Exercise prompt: Write each entry out again exactly as it was given.

(Stored data entries)
──────

(* Let $T$ be a continuous Archimedean $t$-norm, let $A$ be a fuzzy number in $\mathbb R$ with modal value $m=\mathbb M A$, and let $(X_n)_{n\ge1}$ be a sequence of $T$-independent fuzzy variables on a possibility space $(\Omega,\Pi)$, each with membership function $A$. Let $\bar A_n=\frac1n(X_1+\dots+X_n)$ and, for odd $n$, $M_n=\mathrm{median}(X_1,\dots,X_n)$ (defined pointwise on $\Omega$). Then $(\bar A_n)_{n\ge1}$ and $(M_{2n+1})_{n\ge0}$ converge to the constant $m$ in distribution, in measure, and almost surely.
   Context: A possibility space $(\Omega,\Pi)$: $\Pi(S)=\sup_{\omega\in S}\pi(\omega)$ ($\sup\emptyset=0$) for a map $\pi:\Omega\to[0,1]$ attaining $1$. A fuzzy variable is a map $X:\Omega\to\mathbb R$; its membership function is $A_X(y)=\Pi(X^{-1}(y))$. A $t$-norm is a commutative, associative map $T:[0,1]^2\to[0,1]$, non-decreasing in each variable, with neutral element $1$; continuous and Archimedean means continuous and for all $x,y\in(0,1)$ some $n$ gives $T(x,\dots,x)<y$ ($n$ arguments). Fuzzy variables $X_1,X_2,\dots$ are $T$-independent if for all distinct indices $i_1,\dots,i_k$ and all $B_1,\dots,B_k\subseteq\mathbb R$, $\Pi(X_{i_1}\in B_1,\dots,X_{i_k}\in B_k)=T(\Pi(X_{i_1}\in B_1),\dots,\Pi(X_{i_k}\in B_k))$. A fuzzy number is a map $A:\mathbb R\to[0,1]$ whose $\alpha$-cuts $\{A\ge\alpha\}$, $\alpha\in(0,1]$, are nonempty compact intervals and with exactly one point $m$ with $A(m)=1$; $\mathbb M A=m$. Convergence to a constant $c$: in distribution means $A_{Y_n}^\alpha\to\{c\}$ in the Hausdorff metric for every $\alpha\in(0,1]$; in measure means $\Pi(|Y_n-c|\ge\epsilon)\to0$ for all $\epsilon>0$; almost surely means $\Pi(\{\omega: Y_n(\omega)\not\to c\})=0$. *)

theory Defs
  imports "HOL-Analysis.Analysis" "HOL-Library.Extended_Real"
begin

definition poss_dist :: "('w \<Rightarrow> real) \<Rightarrow> bool" where
  "poss_dist \<pi> \<longleftrightarrow> (\<forall>\<omega>. 0 \<le> \<pi> \<omega> \<and> \<pi> \<omega> \<le> 1) \<and> (\<exists>\<omega>. \<pi> \<omega> = 1)"

definition Poss :: "('w \<Rightarrow> real) \<Rightarrow> 'w set \<Rightarrow> real" where
  "Poss \<pi> S = (if S = {} then 0 else (SUP \<omega>\<in>S. \<pi> \<omega>))"

definition membership :: "('w \<Rightarrow> real) \<Rightarrow> ('w \<Rightarrow> real) \<Rightarrow> real \<Rightarrow> real" where
  "membership \<pi> X y = Poss \<pi> (X -` {y})"

definition is_tnorm :: "(real \<Rightarrow> real \<Rightarrow> real) \<Rightarrow> bool" where
  "is_tnorm T \<longleftrightarrow>
     (\<forall>x\<in>{0..1}. \<forall>y\<in>{0..1}. T x y \<in> {0..1}) \<and>
     (\<forall>x\<in>{0..1}. \<forall>y\<in>{0..1}. T x y = T y x) \<and>
     (\<forall>x\<in>{0..1}. \<forall>y\<in>{0..1}. \<forall>z\<in>{0..1}. T (T x y) z = T x (T y z)) \<and>
     (\<forall>x\<in>{0..1}. \<forall>x'\<in>{0..1}. \<forall>y\<in>{0..1}. x \<le> x' \<longrightarrow> T x y \<le> T x' y) \<and>
     (\<forall>x\<in>{0..1}. T x 1 = x)"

──────

Exercise response:
(* Let $T$ be a continuous Archimedean $t$-norm, let $A$ be a fuzzy number in $\mathbb R$ with modal value $m=\mathbb M A$, and let $(X_n)_{n\ge1}$ be a sequence of $T$-independent fuzzy variables on a possibility space $(\Omega,\Pi)$, each with membership function $A$. Let $\bar A_n=\frac1n(X_1+\dots+X_n)$ and, for odd $n$, $M_n=\mathrm{median}(X_1,\dots,X_n)$ (defined pointwise on $\Omega$). Then $(\bar A_n)_{n\ge1}$ and $(M_{2n+1})_{n\ge0}$ converge to the constant $m$ in distribution, in measure, and almost surely.
   Context: A possibility space $(\Omega,\Pi)$: $\Pi(S)=\sup_{\omega\in S}\pi(\omega)$ ($\sup\emptyset=0$) for a map $\pi:\Omega\to[0,1]$ attaining $1$. A fuzzy variable is a map $X:\Omega\to\mathbb R$; its membership function is $A_X(y)=\Pi(X^{-1}(y))$. A $t$-norm is a commutative, associative map $T:[0,1]^2\to[0,1]$, non-decreasing in each variable, with neutral element $1$; continuous and Archimedean means continuous and for all $x,y\in(0,1)$ some $n$ gives $T(x,\dots,x)<y$ ($n$ arguments). Fuzzy variables $X_1,X_2,\dots$ are $T$-independent if for all distinct indices $i_1,\dots,i_k$ and all $B_1,\dots,B_k\subseteq\mathbb R$, $\Pi(X_{i_1}\in B_1,\dots,X_{i_k}\in B_k)=T(\Pi(X_{i_1}\in B_1),\dots,\Pi(X_{i_k}\in B_k))$. A fuzzy number is a map $A:\mathbb R\to[0,1]$ whose $\alpha$-cuts $\{A\ge\alpha\}$, $\alpha\in(0,1]$, are nonempty compact intervals and with exactly one point $m$ with $A(m)=1$; $\mathbb M A=m$. Convergence to a constant $c$: in distribution means $A_{Y_n}^\alpha\to\{c\}$ in the Hausdorff metric for every $\alpha\in(0,1]$; in measure means $\Pi(|Y_n-c|\ge\epsilon)\to0$ for all $\epsilon>0$; almost surely means $\Pi(\{\omega: Y_n(\omega)\not\to c\})=0$. *)

theory Defs
  imports "HOL-Analysis.Analysis" "HOL-Library.Extended_Real"
begin

definition poss_dist :: "('w \<Rightarrow> real) \<Rightarrow> bool" where
  "poss_dist \<pi> \<longleftrightarrow> (\<forall>\<omega>. 0 \<le> \<pi> \<omega> \<and> \<pi> \<omega> \<le> 1) \<and> (\<exists>\<omega>. \<pi> \<omega> = 1)"

definition Poss :: "('w \<Rightarrow> real) \<Rightarrow> 'w set \<Rightarrow> real" where
  "Poss \<pi> S = (if S = {} then 0 else (SUP \<omega>\<in>S. \<pi> \<omega>))"

definition membership :: "('w \<Rightarrow> real) \<Rightarrow> ('w \<Rightarrow> real) \<Rightarrow> real \<Rightarrow> real" where
  "membership \<pi> X y = Poss \<pi> (X -` {y})"

definition is_tnorm :: "(real \<Rightarrow> real \<Rightarrow> real) \<Rightarrow> bool" where
  "is_tnorm T \<longleftrightarrow>
     (\<forall>x\<in>{0..1}. \<forall>y\<in>{0..1}. T x y \<in> {0..1}) \<and>
     (\<forall>x\<in>{0..1}. \<forall>y\<in>{0..1}. T x y = T y x) \<and>
     (\<forall>x\<in>{0..1}. \<forall>y\<in>{0..1}. \<forall>z\<in>{0..1}. T (T x y) z = T x (T y z)) \<and>
     (\<forall>x\<in>{0..1}. \<forall>x'\<in>{0..1}. \<forall>y\<in>{0..1}. x \<le> x' \<longrightarrow> T x y \<le> T x' y) \<and>
     (\<forall>x\<in>{0..1}. T x 1 = x)"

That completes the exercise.